I had no idea that CK had so deep influence in my memories. The impact of somethings you don’t realize until you experience the loss.
I had to be in the Bay Area (Palo ALto and other places) and I thought that the busy program that I will have will keep my mind away from thinking about the premature loss that his family and the world had. That was not to happen — contrary to what I thought, wherever I went, in my memory he was there. Starting from sitting in my flight, I was reminded how whenever we traveled together he will be non-stop discussing things. In the bay area, we went to many companies together and visited several restaurants. All those Virage board meeting, all the hotels we stayed together, the dreams we had together, … they kept on rolling in my mind very vividly. It was as if I am again traveling with him. I am making presentations in which he is present and will take-over when business issues came in.
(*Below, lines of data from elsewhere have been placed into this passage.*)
lemma fragmentable_regular_small_closures:
  assumes "fragmentable X" "regular_space X"
  obtains d where "Metric_space (topspace X) d"
    "\<And>W \<epsilon>. openin X W \<Longrightarrow> W \<noteq> {} \<Longrightarrow> \<epsilon> > 0 \<Longrightarrow>
       \<exists>U. openin X U \<and> U \<noteq> {} \<and> U \<subseteq> W \<and> (\<forall>a\<in>X closure_of U. \<forall>b\<in>X closure_of U. d a b < \<epsilon>)"
proof -
  obtain d where d: "Metric_space (topspace X) d"
    and frag: "\<And>A \<epsilon>. A \<subseteq> topspace X \<Longrightarrow> A \<noteq> {} \<Longrightarrow> \<epsilon> > 0 \<Longrightarrow>
       \<exists>U. openin X U \<and> A \<inter> U \<noteq> {} \<and> (\<exists>\<delta><\<epsilon>. \<forall>x\<in>A \<inter> U. \<forall>y\<in>A \<inter> U. d x y \<le> \<delta>)"
    using fragmentableE[OF assms(1)] by metis
  have "\<exists>U. openin X U \<and> U \<noteq> {} \<and> U \<subseteq> W \<and> (\<forall>a\<in>X closure_of U. \<forall>b\<in>X closure_of U. d a b < \<epsilon>)"
    if W: "openin X W" "W \<noteq> {}" and "\<epsilon> > 0" for W \<epsilon>
  proof -
    obtain V \<delta> where V: "openin X V" "W \<inter> V \<noteq> {}" "\<delta> < \<epsilon>" "\<forall>a\<in>W \<inter> V. \<forall>b\<in>W \<inter> V. d a b \<le> \<delta>"
      using frag[of W \<epsilon>] W openin_subset \<open>\<epsilon> > 0\<close> by metis
    then obtain p where "p \<in> W \<inter> V"
      by blast
    moreover have "openin X (W \<inter> V)"
      using W(1) V(1) by blast
    ultimately obtain U where U: "openin X U" "p \<in> U" "X closure_of U \<subseteq> W \<inter> V"
      using regular_space_closure_of_subset[OF assms(2)] by metis
    moreover have "U \<subseteq> W"
      using U closure_of_subset[OF openin_subset[OF U(1)]] by blast
    moreover have "d a b < \<epsilon>" if "a \<in> X closure_of U" "b \<in> X closure_of U" for a b
    proof -
      have "d a b \<le> \<delta>"
        using that U(3) V(4) by blast
      then show ?thesis
        using V(3) by linarith
    qed
    ultimately show ?thesis
      by blast
  qed
  then show ?thesis
    using that[OF d] by blast
qed

lemma Inter_closures_of_shrinking_subset_singleton:
  assumes "Metric_space (topspace X) d" "x \<in> topspace X" "\<And>n. x \<in> U n"
    and small: "\<And>n a b. a \<in> X closure_of U n \<Longrightarrow> b \<in> X closure_of U n \<Longrightarrow> d a b < inverse (Suc n)"
  shows "topspace X \<inter> (\<Inter>n. X closure_of U n) \<subseteq> {x}"
proof
  fix y assume y: "y \<in> topspace X \<inter> (\<Inter>n. X closure_of U n)"
  have "x \<in> X closure_of U n" for n
    using assms(2,3) closure_of_subset_Int[of X "U n"] by blast
  then have less: "d x y < inverse (Suc n)" for n
    using small[of x n y] y by blast
  have "d x y = 0"
  proof (rule ccontr)
    assume "d x y \<noteq> 0"
    then have "d x y > 0"
      using Metric_space.nonneg[OF assms(1), of x y] by linarith
    then obtain n where "inverse (Suc n) < d x y"
      using reals_Archimedean by blast
    then show False
      using less[of n] by linarith
  qed
  then show "y \<in> {x}"
    using Metric_space.zero[OF assms(1)] assms(2) y by auto
qed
Neil was with him and I feel that he understood what I was going through because he would put his arms around me and say, Dad don’t think about him.
Of course, I am reminded of him everywhere because whereever I go people ask about him, my mail is full of that.
I personally met Arun Katkere and Asquith Bailey in Palo Alto and we reminisced about him. I can talk a bot about him, but then I start getting emotional. This is the first time this has happened to me in life.
I can not help but think about his family — particularly Gayatri — and their situations. My heartfelt sympathies are with them.
He indeed was a great person — a person who did everything with full intensity, rigor, and passion. His boldness and quest for doing it in the best way, his sensitivity for ides and people he cared was unique.
I know that I should think only about all the wonderful things he did, but those memories bring tears. And I find that I am not in control here.